In that, you control the Enterprise on a mission to patrol the galaxy and hunt Klingons, just like the very war-like Federation did back in the original series. Cough. It was about scanning and staying supplied at starbases, and trying to clear the enemies in the most efficient way possible for bonus points. Paramount finally dropped the hammer on the game when it bothered to care, but not terminally. EGATrek for instance swapped out 'Klingons' for 'Mongols.'

It wasn't until the early '90s that we finally saw a truly worthy Star Trek game, though there were a few attempts in the late 80s. 1989 offered the first Next Generation game, an adventure called The Transinium Challenge that used CGA graphics and is basically a disaster area. The same year brought a movie tie-in game based on Star Trek V that just consisted of the words "WE'RE SORRY" flashing on and off on an otherwise blank screen. Or not. It should have done. And there were a couple more too, though the most memorable has to be the unleaded nightmare fuel that was The Rebel Universe.

Not so much for the game, mind. No. For the portraits...

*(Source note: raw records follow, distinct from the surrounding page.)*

(* Consider the error system with adaptive control $u_{\mathrm{adapt}}=-\hat W^\top\beta(e)$ and static update law $\hat W(t)=K\beta(e(t))B^\top Pe(t)$, where $K=\alpha K_{\mathrm b}$ with $\alpha>0$ and $0<K_{\mathrm b}\in\mathrm S^{n_\beta}$, and $0<P,Q\in\mathrm S^n$ satisfy $Q=-(A^\top P+PA)$. Assume $\mathscr b:=\inf_{x\in\mathbb R^n}\beta(x)^\top K_{\mathrm b}\beta(x)>0$ and $|\eta(t)|\le\eta^\star$ for all $t\ge0$. Let $\gamma\in[0,1)$ and $\mu>0$, and define $$r_{\mathrm e}=\sqrt{\frac{\lambda_{\max}(P)}{g(\alpha\mathscr b\gamma,Q,PB)\,\lambda_{\min}(P)}}\;\sqrt{\frac{W^\top K_{\mathrm b}^{-1}W+\frac{{\eta^\star}^2}{\mathscr b(1-\gamma)}}{\alpha}+\mu}.$$ Then for every closed-loop solution there exists $T_{\mathrm e}\ge0$ such that $\|e(t)\|\le r_{\mathrm e}$ for all $t\ge T_{\mathrm e}$.
   Context: Error system: $\dot e=Ae+B(u_{\mathrm{adapt}}+W^\top\beta(e)+\eta)$ with $e(t)\in\mathbb R^n$, $A\in\mathbb R^{n\times n}$ Hurwitz, $B\in\mathbb R^n$, $\beta:\mathbb R^n\to\mathbb R^{n_\beta}$ known, $W\in\mathbb R^{n_\beta}$ unknown constant, $\eta(t)\in\mathbb R$; Assumption 1: there is a non-decreasing $\alpha_\beta:[0,\infty)\to[0,\infty)$ with $\|\beta(x)\|\le\alpha_\beta(\|x\|)$ for all $x$. Closed-loop solutions are assumed to exist on $[0,\infty)$. $\mathrm S^k$: real symmetric $k\times k$ matrices. $g(\phi,Q,v)=\lambda_{\min}(Q+\phi\,vv^\top)$. *)

theory Defs
  imports "HOL-Analysis.Analysis"
begin

definition sym_mat :: "real^'n^'n \<Rightarrow> bool" where
  "sym_mat M \<longleftrightarrow> transpose M = M"

definition pos_def :: "real^'n^'n \<Rightarrow> bool" where
  "pos_def M \<longleftrightarrow> sym_mat M \<and> (\<forall>x. x \<noteq> 0 \<longrightarrow> x \<bullet> (M *v x) > 0)"

text \<open>Real eigenvalues of a real square matrix, and the extreme ones
  (used only for symmetric matrices, where all eigenvalues are real).\<close>
definition real_eigenvalues :: "real^'n^'n \<Rightarrow> real set" where
  "real_eigenvalues M = {l. \<exists>v. v \<noteq> 0 \<and> M *v v = l *\<^sub>R v}"

definition lambda_min :: "real^'n^'n \<Rightarrow> real" where
  "lambda_min M = Min (real_eigenvalues M)"

definition lambda_max :: "real^'n^'n \<Rightarrow> real" where
  "lambda_max M = Max (real_eigenvalues M)"

definition hurwitz :: "real^'n^'n \<Rightarrow> bool" where
  "hurwitz A \<longleftrightarrow> (\<forall>(l::complex) (v::complex^'n). v \<noteq> 0 \<and>
      (\<chi> i j. complex_of_real (A $ i $ j)) *v v = l *s v \<longrightarrow> Re l < 0)"

definition outer :: "real^'n \<Rightarrow> real^'n \<Rightarrow> real^'n^'n" where
  "outer v w = (\<chi> i j. v $ i * w $ j)"

definition gfun :: "real \<Rightarrow> real^'n^'n \<Rightarrow> real^'n \<Rightarrow> real" where
  "gfun phi Q v = lambda_min (Q + phi *\<^sub>R outer v v)"

end

theory Submission
  imports Defs
begin

text \<open>The quadratic form \<open>V = e\<^sup>T P e\<close> is a Lyapunov function. With \<open>s = B\<^sup>T P e\<close> and
  \<open>k = \<beta>(e)\<^sup>T K\<^sub>b \<beta>(e) \<ge> b\<close>, the static update law turns the control into \<open>u = -\<alpha> k s\<close>, so
  \<open>V' = -e\<^sup>T Q e - 2\<alpha>k s\<^sup>2 + 2s W\<^sup>T\<beta>(e) + 2s\<eta>\<close>. The damping \<open>2\<alpha>k s\<^sup>2\<close> is split three ways:
  \<open>\<alpha>k s\<^sup>2\<close> absorbs the parameter error by completing the square in the \<open>K\<^sub>b\<close>-norm,
  \<open>\<alpha>(1-\<gamma>)k s\<^sup>2\<close> absorbs the disturbance by Young's inequality, and the rest dominates
  \<open>\<alpha>b\<gamma> s\<^sup>2 = \<alpha>b\<gamma> (e\<^sup>T P B)\<^sup>2\<close>, which is added to \<open>e\<^sup>T Q e\<close> to get the rate
  \<open>g = g(\<alpha>b\<gamma>, Q, PB)\<close>. Hence \<open>V' \<le> -g \<parallel>e\<parallel>\<^sup>2 + D\<close>, so \<open>V\<close> decreases at rate \<open>\<mu>\<close> above
  the level \<open>\<lambda>\<^sub>m\<^sub>a\<^sub>x(P) (D + \<mu>) / g\<close>, enters this sublevel set in finite time and stays there;
  comparing \<open>V\<close> with \<open>\<lambda>\<^sub>m\<^sub>i\<^sub>n(P) \<parallel>e\<parallel>\<^sup>2\<close> gives the radius.\<close>

lemma sym_mat_inner_commute:
  assumes "sym_mat M"
  shows "x \<bullet> (M *v y) = (M *v x) \<bullet> (y::real^'n)"
proof -
  have "x \<bullet> (M *v y) = (x v* M) \<bullet> y"
    by (simp add: dot_lmul_matrix)
  also have "x v* M = transpose M *v x"
    by simp
  also have "\<dots> = M *v x"
    using assms by (simp add: sym_mat_def)
  finally show ?thesis .
qed

lemma sym_mat_uminus: "sym_mat M \<Longrightarrow> sym_mat (- M :: real^'n^'n)"
  by (simp add: sym_mat_def transpose_def vec_eq_iff)

lemma matrix_vector_mult_uminus: "(- M) *v x = - (M *v (x::real^'n) :: real^'m)"
  using matrix_vector_mult_diff_rdistrib[of 0 M x] by simp

lemma real_eigenvalues_uminus: "real_eigenvalues (- M) = uminus ` real_eigenvalues (M::real^'n^'n)"
proof -
  have "(- M) *v v = l *\<^sub>R v \<longleftrightarrow> M *v v = (- l) *\<^sub>R v" for v l
    by (metis matrix_vector_mult_uminus minus_minus scaleR_minus_left)
  then have "l \<in> real_eigenvalues (- M) \<longleftrightarrow> - l \<in> real_eigenvalues M" for l
    by (simp add: real_eigenvalues_def)
  moreover have "uminus ` S = {l. - l \<in> S}" for S :: "real set"
    by (auto intro: image_eqI[of _ uminus "- _"])
  ultimately show ?thesis
    by blast
qed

Finally, things changed. In 1991, Star Trek: The Next Generation had finally escaped its desperately awful early seasons and started being good, and the franchise as a whole was celebrating its 25th anniversary. Interplay's contribution was the imaginatively named Star Trek: 25th Anniversary... which actually missed it, and came out in 1992 on PC, but never mind. 

For the first time, Star Trek had a PC game it could be proud of. Voices from all the original cast. A mix of shooter and adventure perfectly in the spirit of the original. Redshirts to take into dangerous situations to be shot first. Kirk even sat in his chair correctly. As an adventure, it definitely has its issues—but as a Star Trek game, it got it.

Judgment Rites came out the next year, and refined the format a little. Both are structured like the TV show, split into multiple episodes with their own settings and characters. In 25th Anniversary, they're all completely independent. Judgment Rites adds a bit of an arc, with the idea that the crew (and other players in the galaxy, sadly not including the Pakled) are being tested by a group of aliens called the Brassicans—a strong contender for the most insufferable space elves in recorded history.

The big downsides of both games are that they involve a lot of pixel-hunting, and the puzzles often aren't particularly intuitive—a problem shared by lots of sci-fi games that fill their worlds with Arglebargletrons and whatever. They're very much in the spirit of original series episodes though, with lots of chatter between the characters and endearingly silly premises. One in Judgment Rites for instance sees the return of Trelane, the Squire of Gothos, who's taken an interest in World War I and created his own simulation of it. There aren't many sci-fi games that kick off an adventure with you space-dogfighting an out of place Fokker. (Who coincidentally is flying a World War I-era plane. Badoom-tsssh.)

What makes the individual adventures so much fun though is how flexible the adventure is. Take for instance the first mission in Judgment Rites—Federation. It kicks off like most, with the crew just chatting in deep space and awaiting a mission. Instead, a Swirly-Whirly-Spacey-Thing opens up and spits out a Federation ship whose dying captain babbles about the entire Federation being destroyed in eight days. Since there are no distracting green ladies to get in the way, Kirk leaps into action and decides to investigate the station at the heart of the upcoming apocalypse.